With this analysis before us it is not difficult to see more fully the dependence of moral character upon environment and education. The problems of right action are incomparably higher than any problems of the physical universe. Their solution in each individual case requires the cooperation of all the activities of the self. How important, then, that everything entering into the life of the child should be tested by its effect upon his moral nature!
The reason for urging a clear understanding of the real nature of good manners now hardly needs an explanation. If the nobleness of spirit has been keeping pace with the nobleness of manners, the transition to good morals is already made. If otherwise, the child has simply been given the power to cover up his true nature and to deceive his fellows at his will.
The presentation and development of right motives in children is the most delicate problem in education. The exercise of authority or of force will not accomplish it. Nagging and scolding make little progress toward it. Rewards and prizes will not do much better. Advantage and profit unduly exalt self-interest. Words of appreciation and of praise may stimulate to right doing. Respect and affection for others may serve as a powerful restraint against evil. Some of these will have but a temporary effect in promoting right conduct, while all will lack the essence of the moral life the impulse to do right for right's sake alone, regardless of personal pleasure, personal profit, or of profit to others.
This statement should not be construed as meaning that the motives named are at all times unwise and hurtful. All of them, not even excepting the second, may profitably be used in the different stages of the child's development.
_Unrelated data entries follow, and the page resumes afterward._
lemma card_setsq_ge:
  assumes "finite S" "S \<noteq> {}" "inj_on fst S"
  shows "2 * card S - 1 \<le> card (setsq S)"
proof -
  have "Min (fst ` S) \<in> fst ` S" "Max (fst ` S) \<in> fst ` S"
    using assms(1,2) by simp_all
  then obtain a b where "a \<in> S" "fst a = Min (fst ` S)" "b \<in> S" "fst b = Max (fst ` S)"
    by (metis imageE)
  then have a: "a \<in> S" "\<And>p. p \<in> S \<Longrightarrow> fst a \<le> fst p"
    and b: "b \<in> S" "\<And>p. p \<in> S \<Longrightarrow> fst p \<le> fst b"
    using assms(1) by simp_all
  define X Y where "X = bs_mult a ` S" and "Y = (\<lambda>p. bs_mult p b) ` S"
  have card_XY: "card X = card S" "card Y = card S"
    unfolding X_def Y_def
    by (simp_all add: card_image inj_on_subset[OF inj_bs_mult_left] inj_on_subset[OF inj_bs_mult_right])
  have "X \<inter> Y \<subseteq> {bs_mult a b}"
  proof
    fix z
    assume "z \<in> X \<inter> Y"
    then obtain p q where pq: "p \<in> S" "q \<in> S" "z = bs_mult a p" "z = bs_mult q b"
      unfolding X_def Y_def by blast
    then have "fst a + fst p = fst q + fst b"
      by (metis fst_bs_mult)
    then have "fst p = fst b"
      using a(2)[OF pq(2)] b(2)[OF pq(1)] by linarith
    then show "z \<in> {bs_mult a b}"
      using inj_onD[OF assms(3) _ pq(1) b(1)] pq(3) by simp
  qed
  then have "card (X \<inter> Y) \<le> 1"
    using card_mono[of "{bs_mult a b}"] by fastforce
  moreover have "finite X" "finite Y"
    unfolding X_def Y_def using assms(1) by simp_all
  moreover have "card (X \<union> Y) \<le> card (setsq S)"
    using a(1) b(1) finite_setsq[OF assms(1)] by (intro card_mono) (auto simp: X_def Y_def)
  ultimately show ?thesis
    using card_Un_Int[of X Y] card_XY by linarith
qed

context
  fixes S :: "(int \<times> rat) set" and u :: "int \<times> rat"
  assumes finite_S: "finite S"
    and level_u_pos: "1 \<le> fst u"
    and levels_pos: "\<And>p. p \<in> S \<Longrightarrow> 1 \<le> fst p"
    and inj_level: "inj_on fst S"
    and below_u: "\<And>p. p \<in> S \<Longrightarrow> fst p < fst u"
begin
(* Let $s\in\mathbb N$, $R,p,\beta>0$, and let $\mathcal G$ be an $s$-uniform hypergraph. If $\mathcal G[W]$ is $(p,R)$-Janson for every $W\subset V(\mathcal G)$ with $|W|\ge(1-\beta)v(\mathcal G)$, then there exists $\mu:\mathcal G\to\mathbb R_{\ge0}$ with $$e(\mu)=\sqrt R,\qquad\Lambda_p(\mu)<\frac{e(\mu)^2}{R}\qquad\text{and}\qquad\sum_{v\in V(\mathcal G)}d_\mu(v)^2\le\frac{2s^2e(\mu)^2}{\beta\,v(\mathcal G)}.$$
   Context: A hypergraph is identified with its edge set; $v(\mathcal G)=|V(\mathcal G)|$; $\mathcal G[W]=\{E\in\mathcal G:E\subset W\}$. For $\nu:\mathcal G\to\mathbb R_{\ge0}$: $e(\nu)=\sum_E\nu(E)$, $d_\nu(L)=\sum_{E\in\mathcal G,L\subset E}\nu(E)$ (with $d_\nu(v)=d_\nu(\{v\})$), $\Lambda_p(\nu)=\sum_{L\subset V(\mathcal G),|L|\ge2}d_\nu(L)^2p^{-|L|}$. $\mathcal G$ is $(p,R)$-Janson if some $\nu:\mathcal G\to\mathbb R_{\ge0}$ has $\Lambda_p(\nu)<e(\nu)^2/R$. *)

theory Defs
  imports Complex_Main
begin

text \<open>A hypergraph is identified with its edge set G; its vertex set is the union of the edges.\<close>

definition hverts :: "'a set set \<Rightarrow> 'a set" where
  "hverts G = \<Union>G"

definition induced :: "'a set set \<Rightarrow> 'a set \<Rightarrow> 'a set set" where
  "induced G W = {E \<in> G. E \<subseteq> W}"

definition uniform :: "nat \<Rightarrow> 'a set set \<Rightarrow> bool" where
  "uniform s G \<longleftrightarrow> finite G \<and> (\<forall>E\<in>G. finite E \<and> card E = s)"

definition hsize :: "'a set set \<Rightarrow> ('a set \<Rightarrow> real) \<Rightarrow> real" where
  "hsize G \<nu> = (\<Sum>E\<in>G. \<nu> E)"

definition hdeg :: "'a set set \<Rightarrow> ('a set \<Rightarrow> real) \<Rightarrow> 'a set \<Rightarrow> real" where
  "hdeg G \<nu> L = (\<Sum>E\<in>{E\<in>G. L \<subseteq> E}. \<nu> E)"

definition Lambda :: "real \<Rightarrow> 'a set set \<Rightarrow> ('a set \<Rightarrow> real) \<Rightarrow> real" where
  "Lambda p G \<nu> = (\<Sum>L\<in>{L. L \<subseteq> hverts G \<and> card L \<ge> 2}. (hdeg G \<nu> L)\<^sup>2 * inverse p ^ card L)"

definition janson :: "real \<Rightarrow> real \<Rightarrow> 'a set set \<Rightarrow> bool" where
  "janson p R G \<longleftrightarrow> (\<exists>\<nu>. (\<forall>E\<in>G. \<nu> E \<ge> 0) \<and> Lambda p G \<nu> < (hsize G \<nu>)\<^sup>2 / R)"

end

theory Submission
  imports Defs "HOL-Analysis.L2_Norm"
begin

text \<open>
  Build the weight greedily, one unit of total weight per round. With current weight \<open>T\<close> of
  size \<open>k\<close> and \<open>a = s / (\<beta> n)\<close>, double counting \<open>\<Sum>\<^sub>v d\<^sub>T(v) = s k\<close> shows that at most
  \<open>\<beta> n\<close> vertices have degree above \<open>a k\<close>; the remaining set \<open>W\<close> is large, so \<open>G[W]\<close> carries a
  Janson weight, which we normalise to size 1 and add to \<open>T\<close>. Since \<open>\<nu> \<mapsto> \<surd>\<Lambda>\<^sub>p(\<nu>)\<close> is a
  weighted \<open>\<ell>\<^sup>2\<close>-norm of the degree vector, it grows by less than \<open>1/\<surd>R\<close> per round, while only
  vertices of degree at most \<open>a k\<close> gain degree (at most 1). After \<open>N \<ge> 1/a\<close> rounds every degree
  is at most \<open>2 a N\<close>, hence \<open>\<Sum>\<^sub>v d(v)\<^sup>2 \<le> 2 a N \<cdot> s N\<close>; rescaling to size \<open>\<surd>R\<close> finishes.
\<close>

definition robustly_janson :: "real \<Rightarrow> real \<Rightarrow> real \<Rightarrow> 'a set set \<Rightarrow> bool" where
  "robustly_janson p R \<beta> G \<longleftrightarrow>
     (\<forall>W. W \<subseteq> hverts G \<and> real (card W) \<ge> (1 - \<beta>) * real (card (hverts G))
        \<longrightarrow> janson p R (induced G W))"
(* Let $(M,\Sigma)$ be a measurable space, $r\ge1$, and $\mu_1,\dots,\mu_r$ non-atomic countably additive finite (nonnegative) measures on $\Sigma$. Then for every measurable set $S$ and every index $k\in\{1,\dots,r\}$ there is a measurable subset $H\subseteq S$ with $\mu_k(H)\ge 2^{-(r-1)}\mu_k(S)$ on which there exists a strong solution, i.e. a partition $H=F_1\sqcup\dots\sqcup F_r$ into measurable sets with $\mu_i(F_i)\ge\mu_i(F_j)$ for all $i,j$.
   Context: Partition elements may be empty. A measure is non-atomic if every measurable set of positive measure contains a measurable subset of strictly smaller positive measure. *)

theory Defs
  imports "HOL-Analysis.Analysis"
begin

definition non_atomic :: "'a measure \<Rightarrow> bool" where
  "non_atomic N \<longleftrightarrow>
     (\<forall>A \<in> sets N. 0 < emeasure N A \<longrightarrow>
        (\<exists>B \<in> sets N. B \<subseteq> A \<and> 0 < emeasure N B \<and> emeasure N B < emeasure N A))"

end

theory Submission
  imports Defs
begin

(*
  Finitely many finite non-atomic measures on a common sigma algebra can be halved
  simultaneously. This goes by induction on the number of measures: given a map h halving
  every measurable set for the measures mu i (i in J) and a further measure nu, a bisection
  search keeps disjoint K, U, W inside S with
    mu i U = mu i W = mu i S / 2^(n+1),  mu i K = mu i S / 2 - mu i S / 2^(n+1),
    nu (K Un W) <= nu S / 2 <= nu (K Un U),
  and in each step moves one half of U or of W into K, depending on which choice preserves
  the nu-sandwich. In the limit K has the right mu-measures, and the nu-mass still missing
  lies in a set that is null for every mu i, from which Sierpinski's intermediate value
  theorem for non-atomic measures supplies it exactly.

  Iterated halving splits S into 2^(r-1) >= r pieces on each of which every mu i has mass
  2^-(r-1) mu i S. Any r of them form a strong solution, all its inequalities being
  equalities.
*)

lemma (in finite_measure) non_atomic_measure_less:
  assumes "non_atomic M" and A: "A \<in> sets M" and pos: "0 < measure M A"
  shows "\<exists>B\<in>sets M. B \<subseteq> A \<and> 0 < measure M B \<and> measure M B < measure M A"
proof -
  have "0 < emeasure M A"
    using A pos by (simp add: emeasure_eq_measure)
  then obtain B where "B \<in> sets M" "B \<subseteq> A" "0 < emeasure M B" "emeasure M B < emeasure M A"
    using assms(1) A unfolding non_atomic_def by blast
  then show ?thesis
    using A by (auto simp: emeasure_eq_measure ennreal_less_iff)
qed

lemma (in finite_measure) non_atomic_half_subset:
  assumes "non_atomic M" and A: "A \<in> sets M" and pos: "0 < measure M A"
  shows "\<exists>B\<in>sets M. B \<subseteq> A \<and> 0 < measure M B \<and> measure M B \<le> measure M A / 2"
proof -
  obtain B where B: "B \<in> sets M" "B \<subseteq> A" "0 < measure M B" "measure M B < measure M A"
    using non_atomic_measure_less[OF assms] by blast
  have diff: "measure M (A - B) = measure M A - measure M B"
    using A B by (simp add: finite_measure_Diff)
  show ?thesis
  proof (cases "measure M B \<le> measure M A / 2")
    case True
    with B show ?thesis by blast
  next
    case False
    with A B diff show ?thesis
      by (intro bexI[of _ "A - B"]) auto
  qed
qed

lemma (in finite_measure) non_atomic_small_subset:
  assumes na: "non_atomic M" and A: "A \<in> sets M" and pos: "0 < measure M A" and e: "0 < e"
  shows "\<exists>E\<in>sets M. E \<subseteq> A \<and> 0 < measure M E \<and> measure M E < e"
proof -
  have halving: "\<exists>E\<in>sets M. E \<subseteq> A \<and> 0 < measure M E \<and> measure M E \<le> measure M A / 2^n" for n
  proof (induction n)
    case 0
    then show ?case using A pos by auto
  next
    case (Suc n)
    then obtain E where E: "E \<in> sets M" "E \<subseteq> A" "0 < measure M E" "measure M E \<le> measure M A / 2^n"
      by blast
    then obtain B where "B \<in> sets M" "B \<subseteq> E" "0 < measure M B" "measure M B \<le> measure M E / 2"
      using non_atomic_half_subset[OF na] by blast
    moreover have "measure M E / 2 \<le> measure M A / 2 ^ Suc n"
      using E(4) by (simp add: divide_right_mono)
    ultimately show ?case
      using E(2) by (meson order_trans)
  qed
  obtain n :: nat where "measure M A / e < 2^n"
    using real_arch_pow[of 2] by auto
  then have "measure M A / 2^n < e"
    using e by (simp add: field_simps)
  then show ?thesis
    using halving[of n] by (meson order_le_less_trans)
qed

lemma (in finite_measure) exists_half_maximal_subset:
  assumes V: "V \<in> sets M" and b: "0 \<le> b"
  shows "\<exists>C\<in>sets M. C \<subseteq> V \<and> measure M C \<le> b \<and>
    (\<forall>E\<in>sets M. E \<subseteq> V \<longrightarrow> measure M E \<le> b \<longrightarrow> measure M E \<le> 2 * measure M C)"
proof -
  define fits where "fits = {C \<in> sets M. C \<subseteq> V \<and> measure M C \<le> b}"
  define s where "s = (SUP C\<in>fits. measure M C)"
  have bdd: "bdd_above (measure M ` fits)"
    by (rule bdd_aboveI[of _ "measure M (space M)"]) (auto simp: fits_def intro!: bounded_measure)
  have empty: "{} \<in> fits"
    using b by (auto simp: fits_def)
  have below_s: "measure M E \<le> s" if "E \<in> sets M" "E \<subseteq> V" "measure M E \<le> b" for E
    unfolding s_def using that bdd by (intro cSUP_upper) (auto simp: fits_def)
  show ?thesis
  proof (cases "s \<le> 0")
    case True
    then have "measure M E \<le> 2 * measure M {}" if "E \<in> sets M" "E \<subseteq> V" "measure M E \<le> b" for E
      using below_s[OF that] by simp
    then show ?thesis
      using b by (intro bexI[of _ "{}"]) auto
  next
    case False
    then have "s / 2 < s"
      by simp
    then obtain C where C: "C \<in> fits" "s / 2 < measure M C"
      unfolding s_def using less_cSUP_iff[OF _ bdd] empty by blast
    then have "measure M E \<le> 2 * measure M C" if "E \<in> sets M" "E \<subseteq> V" "measure M E \<le> b" for E
      using below_s[OF that] by linarith
    with C show ?thesis
      unfolding fits_def by blast
  qed
qed

lemma (in finite_measure) exists_saturated_subset:
  assumes U: "U \<in> sets M" and c: "0 \<le> c"
  shows "\<exists>B\<in>sets M. B \<subseteq> U \<and> measure M B \<le> c \<and>
    (\<forall>E\<in>sets M. E \<subseteq> U - B \<longrightarrow> measure M B + measure M E \<le> c \<longrightarrow> measure M E = 0)"
proof -
  have "\<exists>C\<in>sets M. C \<subseteq> U - B \<and> measure M C \<le> c - measure M B \<and>
      (\<forall>E\<in>sets M. E \<subseteq> U - B \<longrightarrow> measure M E \<le> c - measure M B \<longrightarrow> measure M E \<le> 2 * measure M C)"
    if "B \<in> sets M" "measure M B \<le> c" for B
    using exists_half_maximal_subset[of "U - B" "c - measure M B"] U that by auto
  then obtain g where g: "\<And>B. B \<in> sets M \<Longrightarrow> measure M B \<le> c \<Longrightarrow>
      g B \<in> sets M \<and> g B \<subseteq> U - B \<and> measure M (g B) \<le> c - measure M B \<and>
      (\<forall>E\<in>sets M. E \<subseteq> U - B \<longrightarrow> measure M E \<le> c - measure M B \<longrightarrow> measure M E \<le> 2 * measure M (g B))"
    by metis
  \<comment> \<open>Greedy exhaustion: each step adds at least half of what could still be added.\<close>
  define Bs where "Bs n = ((\<lambda>B. B \<union> g B) ^^ n) {}" for n
  have Bs: "Bs n \<in> sets M \<and> Bs n \<subseteq> U \<and> measure M (Bs n) \<le> c \<and>
      measure M (Bs (Suc n)) = measure M (Bs n) + measure M (g (Bs n))" for n
  proof (induction n)
    case 0
    then show ?case
      using c g[of "{}"] by (auto simp: Bs_def)
  next
    case (Suc n)
    with g[of "Bs n"] have "Bs (Suc n) \<in> sets M" "Bs (Suc n) \<subseteq> U" "measure M (Bs (Suc n)) \<le> c"
      by (auto simp: Bs_def)
    with g[of "Bs (Suc n)"] show ?case
      by (auto simp: Bs_def intro!: finite_measure_Union)
  qed
  define B where "B = (\<Union>n. Bs n)"
  have B: "B \<in> sets M" "B \<subseteq> U"
    using Bs unfolding B_def by auto
  have lim: "(\<lambda>n. measure M (Bs n)) \<longlonglongrightarrow> measure M B"
    unfolding B_def using Bs by (intro finite_Lim_measure_incseq incseq_SucI) (auto simp: Bs_def)
  have "measure M B \<le> c"
    using Bs by (intro LIMSEQ_le_const2[OF lim]) auto
  moreover have "measure M E = 0"
    if E: "E \<in> sets M" "E \<subseteq> U - B" "measure M B + measure M E \<le> c" for E
  proof -
    have "measure M E \<le> 2 * (measure M (Bs (Suc n)) - measure M (Bs n))" for n
    proof -
      have "Bs n \<subseteq> B"
        unfolding B_def by auto
      then have "E \<subseteq> U - Bs n" "measure M E \<le> c - measure M (Bs n)"
        using E B finite_measure_mono[of "Bs n" B] by auto
      then have "measure M E \<le> 2 * measure M (g (Bs n))"
        using g[of "Bs n"] Bs[of n] E(1) by blast
      then show ?thesis
        using Bs[of n] by simp
    qed
    moreover have "(\<lambda>n. 2 * (measure M (Bs (Suc n)) - measure M (Bs n))) \<longlonglongrightarrow> 2 * (measure M B - measure M B)"
      by (intro tendsto_intros lim LIMSEQ_Suc)
    ultimately have "measure M E \<le> 0"
      by (intro LIMSEQ_le_const) auto
    then show ?thesis
      using measure_nonneg[of M E] by linarith
  qed
  ultimately show ?thesis
    using B by blast
qed
lemma chain_sup_not_None_iff:
  assumes "Complete_Partial_Order.chain le_bot C"
  shows "chain_sup C p \<noteq> None \<longleftrightarrow> (\<exists>c\<in>C. c p \<noteq> None)"
  by (cases rule: chain_sup_cases[OF assms, of p]) auto

lemma is_lub_chain_sup:
  assumes ne: "C \<noteq> {}" and pterm: "\<And>c. c \<in> C \<Longrightarrow> is_pterm ar c"
    and ch: "Complete_Partial_Order.chain le_bot C"
  shows "is_lub ar C (chain_sup C)"
proof -
  have child: "chain_sup C (p @ [i]) \<noteq> None \<longleftrightarrow> (\<exists>f. chain_sup C p = Some (Fun f) \<and> i < ar f)"
    for p i
  proof
    assume "chain_sup C (p @ [i]) \<noteq> None"
    then obtain c where c: "c \<in> C" "c (p @ [i]) \<noteq> None"
      using chain_sup_not_None_iff[OF ch] by blast
    then obtain f where "c p = Some (Fun f)" "i < ar f" using is_pterm_snoc[OF pterm[OF c(1)]] by blast
    then show "\<exists>f. chain_sup C p = Some (Fun f) \<and> i < ar f" using chain_sup_eq[OF ch c(1)] by simp
  next
    assume "\<exists>f. chain_sup C p = Some (Fun f) \<and> i < ar f"
    then obtain f c where c: "c \<in> C" "c p = Some (Fun f)" "i < ar f"
      by (cases rule: chain_sup_cases[OF ch, of p]) auto
    then show "chain_sup C (p @ [i]) \<noteq> None"
      using chain_sup_not_None_iff[OF ch] is_pterm_snoc[OF pterm[OF c(1)]] by blast
  qed
  obtain c0 where "c0 \<in> C" using ne by blast
  then have "chain_sup C [] \<noteq> None"
    using chain_sup_not_None_iff[OF ch] is_pterm_root[OF pterm] by blast
  then have pt: "is_pterm ar (chain_sup C)" unfolding is_pterm_def using child by blast
  have upper: "le_bot c (chain_sup C)" if "c \<in> C" for c
    by (rule le_botI[OF pterm[OF that] pt])
      (use chain_sup_eq[OF ch that] chain_sup_not_None_iff[OF ch] that in auto)
  have least: "le_bot (chain_sup C) h" if h: "is_pterm ar h" "\<forall>c\<in>C. le_bot c h" for h
  proof (rule le_botI[OF pt h(1)])
    fix p
    assume "chain_sup C p \<noteq> None" "chain_sup C p \<noteq> Some Bot"
    then show "h p = chain_sup C p"
    proof (cases rule: chain_sup_cases[OF ch, of p, case_names sym bot none])
      case (sym c)
      then show ?thesis using le_bot_eq[of c h p] h(2) by simp
    qed simp_all
  next
    fix p
    assume "chain_sup C p = Some Bot"
    then show "h p \<noteq> None"
    proof (cases rule: chain_sup_cases[OF ch, of p, case_names sym bot none])
      case (bot c)
      then show ?thesis using le_bot_Bot[of c h p] h(2) by simp
    qed simp_all
  qed
  show ?thesis unfolding is_lub_def using pt upper least by blast
qed

lemma chain_lub_attained:
  assumes "C \<noteq> {}" "\<And>c. c \<in> C \<Longrightarrow> is_pterm ar c" "Complete_Partial_Order.chain le_bot C"
    and lub: "is_lub ar C t" and "t p \<noteq> None" "t p \<noteq> Some Bot"
  shows "\<exists>c\<in>C. c p = t p"
proof -
  have "t = chain_sup C"
    using lub_eqI[OF lub] lub_eqI[OF is_lub_chain_sup[OF assms(1-3)]] by simp
  then show ?thesis
    using assms(5,6) by (cases rule: chain_sup_cases[OF assms(3), of p]) auto
qed

section \<open>Depth-wise approximation and the metric\<close>

definition agree_upto :: "nat \<Rightarrow> ('f, 'v) trm \<Rightarrow> ('f, 'v) trm \<Rightarrow> bool" where
  "agree_upto d s t \<longleftrightarrow> (\<forall>p. length p \<le> d \<longrightarrow> s p = t p)"

definition depth_lim :: "'o::wellorder set \<Rightarrow> ('o \<Rightarrow> ('f, 'v) trm) \<Rightarrow> ('f, 'v) trm \<Rightarrow> bool" where
  "depth_lim I a t \<longleftrightarrow> (\<forall>d. \<exists>b\<in>I. \<forall>i\<in>I. b \<le> i \<longrightarrow> agree_upto d (a i) t)"
(* Let $H$ be a Hopf algebra and $K$ a locally affine Hopf subalgebra of $H$. If $H$ is generated as an algebra by $K$ and a single element $x\in H$, then $H$ is locally affine.
   Context: A Hopf algebra is locally affine if every finite subset of it is contained in a Hopf subalgebra that is finitely generated as an algebra. The base field $k$ is algebraically closed of characteristic zero. *)

theory Defs
  imports Main "HOL-Computational_Algebra.Polynomial"
begin

text \<open>The Hopf algebra H is the whole carrier type 'h (a ring with 1),
  made into an algebra over the field 'k by a scalar multiplication sc.
  Elements of H (x) H are represented by finite lists of pairs (a_i, b_i),
  standing for sum a_i (x) b_i. Since k is a field, two such lists represent the
  same tensor iff they agree under all pairs of linear functionals (and similarly
  for triple tensors); all tensor identities are stated in this way.\<close>

definition alg_closed_field :: "'k::field itself \<Rightarrow> bool" where
  "alg_closed_field _ \<longleftrightarrow> (\<forall>p::'k poly. degree p > 0 \<longrightarrow> (\<exists>z. poly p z = 0))"

definition functional :: "('k::field \<Rightarrow> 'h::ring_1 \<Rightarrow> 'h) \<Rightarrow> ('h \<Rightarrow> 'k) \<Rightarrow> bool" where
  "functional sc \<phi> \<longleftrightarrow> Vector_Spaces.linear sc (*) \<phi>"

definition tens_eval :: "('h \<Rightarrow> 'k::field) \<Rightarrow> ('h \<Rightarrow> 'k) \<Rightarrow> ('h \<times> 'h) list \<Rightarrow> 'k" where
  "tens_eval \<phi> \<psi> l = (\<Sum>(a,b)\<leftarrow>l. \<phi> a * \<psi> b)"

definition tens_eq :: "('k::field \<Rightarrow> 'h::ring_1 \<Rightarrow> 'h) \<Rightarrow> ('h \<times> 'h) list \<Rightarrow> ('h \<times> 'h) list \<Rightarrow> bool" where
  "tens_eq sc l m \<longleftrightarrow> (\<forall>\<phi> \<psi>. functional sc \<phi> \<and> functional sc \<psi> \<longrightarrow> tens_eval \<phi> \<psi> l = tens_eval \<phi> \<psi> m)"

definition tens_mult :: "('h::ring_1 \<times> 'h) list \<Rightarrow> ('h \<times> 'h) list \<Rightarrow> ('h \<times> 'h) list" where
  "tens_mult l m = concat (map (\<lambda>(a1,b1). map (\<lambda>(a2,b2). (a1 * a2, b1 * b2)) m) l)"

definition k_algebra :: "('k::field \<Rightarrow> 'h::ring_1 \<Rightarrow> 'h) \<Rightarrow> bool" where
  "k_algebra sc \<longleftrightarrow> vector_space sc \<and>
     (\<forall>c a b. sc c (a * b) = sc c a * b \<and> sc c (a * b) = a * sc c b)"

definition hopf_algebra ::
  "('k::field \<Rightarrow> 'h::ring_1 \<Rightarrow> 'h) \<Rightarrow> ('h \<Rightarrow> ('h \<times> 'h) list) \<Rightarrow> ('h \<Rightarrow> 'k) \<Rightarrow> ('h \<Rightarrow> 'h) \<Rightarrow> bool" where
  "hopf_algebra sc \<Delta> \<epsilon> S \<longleftrightarrow>
     k_algebra sc \<and>
     \<comment> \<open>comultiplication: linear algebra map\<close>
     (\<forall>a b. tens_eq sc (\<Delta> (a + b)) (\<Delta> a @ \<Delta> b)) \<and>
     (\<forall>c a. tens_eq sc (\<Delta> (sc c a)) (map (\<lambda>(u,v). (sc c u, v)) (\<Delta> a))) \<and>
     (\<forall>a b. tens_eq sc (\<Delta> (a * b)) (tens_mult (\<Delta> a) (\<Delta> b))) \<and>
     tens_eq sc (\<Delta> 1) [(1,1)] \<and>
     \<comment> \<open>coassociativity\<close>
     (\<forall>h \<phi> \<psi> \<chi>. functional sc \<phi> \<and> functional sc \<psi> \<and> functional sc \<chi> \<longrightarrow>
        (\<Sum>(a,b)\<leftarrow>\<Delta> h. (\<Sum>(c,d)\<leftarrow>\<Delta> a. \<phi> c * \<psi> d * \<chi> b)) =
        (\<Sum>(a,b)\<leftarrow>\<Delta> h. (\<Sum>(c,d)\<leftarrow>\<Delta> b. \<phi> a * \<psi> c * \<chi> d))) \<and>
     \<comment> \<open>counit: linear algebra map satisfying the counit axioms\<close>
     functional sc \<epsilon> \<and> (\<forall>a b. \<epsilon> (a * b) = \<epsilon> a * \<epsilon> b) \<and> \<epsilon> 1 = 1 \<and>
     (\<forall>h. (\<Sum>(a,b)\<leftarrow>\<Delta> h. sc (\<epsilon> a) b) = h \<and> (\<Sum>(a,b)\<leftarrow>\<Delta> h. sc (\<epsilon> b) a) = h) \<and>
     \<comment> \<open>antipode\<close>
     module_hom sc sc S \<and>
     (\<forall>h. (\<Sum>(a,b)\<leftarrow>\<Delta> h. S a * b) = sc (\<epsilon> h) 1 \<and> (\<Sum>(a,b)\<leftarrow>\<Delta> h. a * S b) = sc (\<epsilon> h) 1)"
There are times when he is incapable of appreciating any other motive than that of physical force. There are other times when he will more quickly respond to a promised reward, or to suggestions of advantage, or to words of encouragement, or to an appeal from one whom he respects and loves, or to the simple assurance that an act in question is right. In the development of the child's motives, the following simple rules will be found valuable:
1. Use negative or restrictive motives sparingly, relying rather upon positive motives or incentives.
2. Appeal to the motive which the child can appreciate.
3. Appeal constantly to the highest motive the child can appreciate.
4. Improve each vantage gained to educate the child to appreciate a higher motive.
5. Eliminate the personal, or selfish element as rapidly as possible.
6. Be patient for results. Relax vigilance only when the impulse to the good dominates the child's entire being.
Make the question of motives a frequent study in the management of your children. At what age, if any, are they disposed to ignore the authority of their superiors? In what way, if any, does the pubescent period affect the manners and morals of children? What effect has home training had upon them? Are you ruling some of them by sheer authority or by brute force? Are you satisfied simply with their cooperation, even though secured by a low motive, or are you using the various means at your command for developing higher ideals for right action? Are you appreciating the sensitiveness of some of the rare little souls intrusted to your care and are you giving them that sympathy and counsel for which they crave every hour of the day? Are you on the alert for the slightest indication of a better spirit and a readier service in each child? Are you living so blameless that every time the child's life touches yours he is quickened to nobler endeavor?